На этом и закончился наш разговор.
Я пересказал его Эрнсту. Его поразило то же, что и меня. Полное непонимание убийства. Непонимание смерти. Непонимание даже того, что ему самому уготовано. Вроде бы нормальный, с восьмиклассным образованием парень, обо всем остальном рассуждавший достаточно примитивно, но более или менее логично, в рамках нормального человеческого сознания, вполне ориентированный в навыках среды и окружающего мира, он не понимал только двух вещей: жизни и смерти. Он и всерьез считал, что совершил проступок, потому что, в общем, не ощущал, что за этим стоит. Не понимал того, что отнята жизнь.

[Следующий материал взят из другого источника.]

lemma Delb_eq_Del:
  assumes fin: "finite A" and sym: "\<And>i j. (i, j) \<in> A \<Longrightarrow> (i, - j) \<in> A"
    and rev: "\<And>i j. (i, j) \<in> A \<Longrightarrow> (- i, - j) \<in> A"
    and cf: "canon_fact A D Del Delb"
  shows "Delb = Del"
  \<comment> \<open>\<open>\<Delta>/\<Delta>\<close>-bar is invariant under \<open>x \<mapsto> 1/x\<close> and normalised at \<open>x = 0\<close>, hence equal to 1.\<close>
proof -
  have Delb0: "Delb $ 0 = 1" using cf by (simp add: canon_fact_def)
  define U where "U = Del * fps_right_inverse Delb 1"
  have fevU: "fev U X = fev Del X * inverse (fev Delb X)" for X
    unfolding U_def fev_mult fev_right_inverse[OF Delb0] ..
  have inv: "fev Delb X * inverse (fev Delb X) = 1" for X
    using Delb0 by (intro inverse_mult_eq_1') simp
  have "fev U xR = fev Del xR * fev Delb (inverse xR) * inverse (fev Delb xR) * inverse (fev Delb (inverse xR))"
    unfolding fevU using inv[of "inverse xR"] by (simp add: ac_simps)
  also have "\<dots> = fev Delb xR * fev Del (inverse xR) * inverse (fev Delb xR) * inverse (fev Delb (inverse xR))"
    by (simp only: canon_fact_reflect[OF fin sym rev cf])
  also have "\<dots> = fev U (inverse xR)"
    unfolding fevU using inv[of xR] by (simp add: ac_simps)
  finally have "U = 1"
    using fev_reflection_invariant_eq_1 fps_map_poly0_mult[of Del "fps_right_inverse Delb 1"]
      fps_map_poly0_right_inverse[OF Delb0 canon_fact_poly0(2)[OF cf]] canon_fact_poly0(1)[OF cf]
    unfolding U_def by simp
  then have "Del * (fps_right_inverse Delb 1 * Delb) = Delb" by (simp add: U_def mult.assoc[symmetric])
  then show ?thesis using fps_right_inverse_1(1)[OF Delb0] by (simp add: mult.commute)
qed

section \<open>The constant term in y of 1/K\<close>

text \<open>With \<open>K = L - W (y + 1/y)\<close> and Y the root of \<open>W Y\<^sup>2 - L Y + W = 0\<close> without constant
  term, \<open>1/K = (1 + \<Sum>\<^sub>j\<^sub>>\<^sub>0 (y\<^sup>j + y\<^sup>-\<^sup>j) Y\<^sup>j) / \<surd>(L\<^sup>2 - 4 W\<^sup>2)\<close>.  The next lemma is the
  truncated form of this identity, \<open>E j\<close> standing for \<open>y\<^sup>j + y\<^sup>-\<^sup>j\<close>.\<close>

lemma kernel_partial_inverse:
  fixes L W Y V :: "'a::comm_ring_1" and E :: "nat \<Rightarrow> 'a"
  assumes quad: "L * Y = W * Y ^ 2 + W" and V: "V * (L - 2 * W * Y) = 1"
    and E0: "E 0 = 2" and Erec: "\<And>j. E 1 * E (Suc j) = E (Suc (Suc j)) + E j"
  shows "(L - W * E 1) * (V * (1 + (\<Sum>j\<in>{1..N}. E j * Y ^ j))) =
    1 + V * W * (Y ^ (N + 1) * E N - Y ^ N * E (Suc N))"
proof (induction N)
  case 0
  have "L * V = 1 + 2 * V * W * Y" using V by (simp add: algebra_simps)
  then show ?case using E0 by (simp add: algebra_simps)
next
  case (Suc N)
  have "(L - W * E 1) * (V * (1 + (\<Sum>j\<in>{1..Suc N}. E j * Y ^ j))) =
      (L - W * E 1) * (V * (1 + (\<Sum>j\<in>{1..N}. E j * Y ^ j))) + V * Y ^ N * E (Suc N) * (L * Y - W * Y * E 1)"
    by (simp add: algebra_simps)
  also have "\<dots> = 1 + V * W * (Y ^ (N + 1) * E N - Y ^ N * E (Suc N)) +
      V * Y ^ N * E (Suc N) * (W * Y ^ 2 + W - W * Y * E 1)"
    unfolding Suc.IH quad ..
  also have "\<dots> = 1 + V * W * Y ^ (N + 1) * (E N + E (Suc (Suc N)) - E 1 * E (Suc N)) +
      V * W * (Y ^ (N + 2) * E (Suc N) - Y ^ (N + 1) * E (Suc (Suc N)))"
    by (simp add: algebra_simps power2_eq_square)
  also have "E N + E (Suc (Suc N)) - E 1 * E (Suc N) = 0" using Erec[of N] by simp
  finally show ?case by (simp add: algebra_simps)
qed

lemma fps_nth_eq_if_X_power_dvd: "F = G + fps_X ^ Suc n * H \<Longrightarrow> F $ n = G $ n"
  by (simp add: fps_X_power_mult_nth del: power_Suc)

lemma inverse_kernel_truncated:
  fixes a b :: "'a::field" and G Y V :: "'a fps" and E :: "nat \<Rightarrow> 'a"
  defines "L \<equiv> 1 - fps_X * fps_const a" and "W \<equiv> fps_X * fps_const b"
  assumes quad: "L * Y = W * Y ^ 2 + W" and Y0: "Y $ 0 = 0" and V: "V * (L - 2 * W * Y) = 1"
    and E0: "E 0 = 2" and Erec: "\<And>j. E 1 * E (Suc j) = E (Suc (Suc j)) + E j"
  shows "(G * inverse (L - W * fps_const (E 1))) $ n =
    (G * V * (1 + (\<Sum>j\<in>{1..n}. fps_const (E j) * Y ^ j))) $ n"
proof -
  define K where "K = L - W * fps_const (E 1)"
  define P where "P = V * (1 + (\<Sum>j\<in>{1..n}. fps_const (E j) * Y ^ j))"
  define Y1 where "Y1 = fps_shift 1 Y"
  have Y: "Y = fps_X * Y1"
    unfolding Y1_def using Y0 by (intro fps_ext) (simp add: fps_X_mult_nth)
  have "K * P = 1 + V * W * (Y ^ (n + 1) * fps_const (E n) - Y ^ n * fps_const (E (Suc n)))"
    unfolding K_def P_def
    by (rule kernel_partial_inverse[OF quad V])
      (simp_all add: E0 Erec[symmetric] mult.commute numeral_fps_const flip: fps_const_add fps_const_mult)
  also have "\<dots> = 1 + fps_X ^ Suc n *
      (V * fps_const b * Y1 ^ n * (Y * fps_const (E n) - fps_const (E (Suc n))))"
  proof -
    have "Y ^ n = fps_X ^ n * Y1 ^ n" by (subst Y) (simp add: power_mult_distrib)
    then show ?thesis unfolding W_def by (simp add: algebra_simps)
  qed
  finally have KP: "K * P = 1 + fps_X ^ Suc n *
      (V * fps_const b * Y1 ^ n * (Y * fps_const (E n) - fps_const (E (Suc n))))" .
  have "inverse K * K = 1"
    unfolding K_def L_def W_def by (intro inverse_mult_eq_1) simp
  then have "G * P = G * inverse K * (K * P)" by (simp add: ac_simps)
  also have "\<dots> = G * inverse K + fps_X ^ Suc n *
      (G * inverse K * (V * fps_const b * Y1 ^ n * (Y * fps_const (E n) - fps_const (E (Suc n)))))"
    unfolding KP by (simp add: algebra_simps)
  finally have "(G * P) $ n = (G * inverse K) $ n" by (rule fps_nth_eq_if_X_power_dvd)
  then show ?thesis by (simp add: K_def P_def mult.assoc)
qed

lemma kernel_small_root:
  fixes a b :: "'a::field_char_0" and s :: "'a fps"
  defines "L \<equiv> 1 - fps_X * fps_const a" and "W \<equiv> fps_X * fps_const b"
  assumes b: "b \<noteq> 0" and s2: "s ^ 2 = L ^ 2 - 4 * W ^ 2" and s0: "s $ 0 = 1"
  obtains Y where "Y $ 0 = 0" "s = L - 2 * W * Y" "L * Y = W * Y ^ 2 + W"
proof -
  define T where "T = L - s"
  have "(s ^ 2) $ 1 = 2 * s $ 1" using s0 by (simp add: power2_eq_square fps_mult_nth)
  moreover have "(L ^ 2 - 4 * W ^ 2) $ 1 = - 2 * a"
    by (simp add: L_def W_def power2_eq_square fps_mult_nth numeral_fps_const)
  ultimately have "s $ 1 = - a" using s2 by simp
  then have T0: "T $ 0 = 0" and T1: "T $ 1 = 0"
    using s0 by (simp_all add: T_def L_def fps_X_mult_nth)
  define Y where "Y = fps_shift 1 T * fps_const (inverse (2 * b))"
  have "2 * W * Y = fps_X * fps_shift 1 T * fps_const (2 * b * inverse (2 * b))"
    unfolding W_def Y_def by (simp add: numeral_fps_const algebra_simps)
  also have "\<dots> = T"
    using b T0 by (intro fps_ext) (simp add: fps_X_mult_nth)
  finally have sY: "s = L - 2 * W * Y" by (simp add: T_def)
  have "W \<noteq> 0"
  proof
    assume "W = 0"
    then have "W $ 1 = 0" by simp
    with b show False by (simp add: W_def)
  qed
  then have "4 * W \<noteq> 0" by simp
  moreover have "(4 * W) * (W * Y ^ 2 - L * Y + W) = 0"
    using s2 unfolding sY by (simp add: algebra_simps power2_eq_square)
  ultimately have "W * Y ^ 2 - L * Y + W = 0" by simp
  then have "L * Y = W * Y ^ 2 + W" by (simp add: algebra_simps)
  moreover have "Y $ 0 = 0" using T1 by (simp add: Y_def)
  ultimately show ?thesis using sY that by blast
qed

lemma y_free_kernel_root:
  fixes a b :: R and Y :: "R fps"
  assumes a: "y_free a" and b: "y_free b" and Y0: "Y $ 0 = 0"
    and quad: "(1 - fps_X * fps_const a) * Y = fps_X * fps_const b * Y ^ 2 + fps_X * fps_const b"
  shows "y_free (Y $ n)"
proof (induction n rule: less_induct)
  case (less n)
  show ?case
  proof (cases n)
    case 0
    then show ?thesis using Y0 by (simp add: y_free_def)
  next
    case (Suc m)
    have "Y = fps_X * (fps_const a * Y + fps_const b * Y ^ 2 + fps_const b)"
      using quad by (simp add: algebra_simps)
    then have "Y $ Suc m = (fps_X * (fps_const a * Y + fps_const b * Y ^ 2 + fps_const b)) $ Suc m"
      by (rule arg_cong)
    then have "Y $ n = a * Y $ m + b * (Y * Y) $ m + (if m = 0 then b else 0)"
      unfolding Suc by (simp add: fps_X_mult_nth power2_eq_square Y0)
    moreover have "y_free ((Y * Y) $ m)" "y_free (Y $ m)"
      using less Suc by (auto intro: y_free_fps_mult_nth)
    ultimately show ?thesis using a b by (simp add: y_free_add y_free_mult y_free_0)
  qed
qed

definition ysum :: "nat \<Rightarrow> R" where
  "ysum j = monoR 0 0 (int j) + monoR 0 0 (- int j)"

Я помню, что говорил тогда Эрнст. Он говорил, что этот случай — квинтэссенция этической глухоты, нравственной неразвитости; но сколько пацанов и девчат, у которых это есть не в такой катастрофической степени, сколько их топчется в подворотнях, и они прекрасно разбираются в футбольных командах, в приемах самбо, в модах и видели все фильмы с разведчиком в тылу врага, но что чужая жизнь неприкосновенна, многие из них не понимают. Неприкосновенна не с точки зрения закона и наказания, а с точки зрения человеческой, и не исключено, что некоторые из них однажды могут психануть из-за шапки или из-за чего-нибудь еще и схватиться за ножичек.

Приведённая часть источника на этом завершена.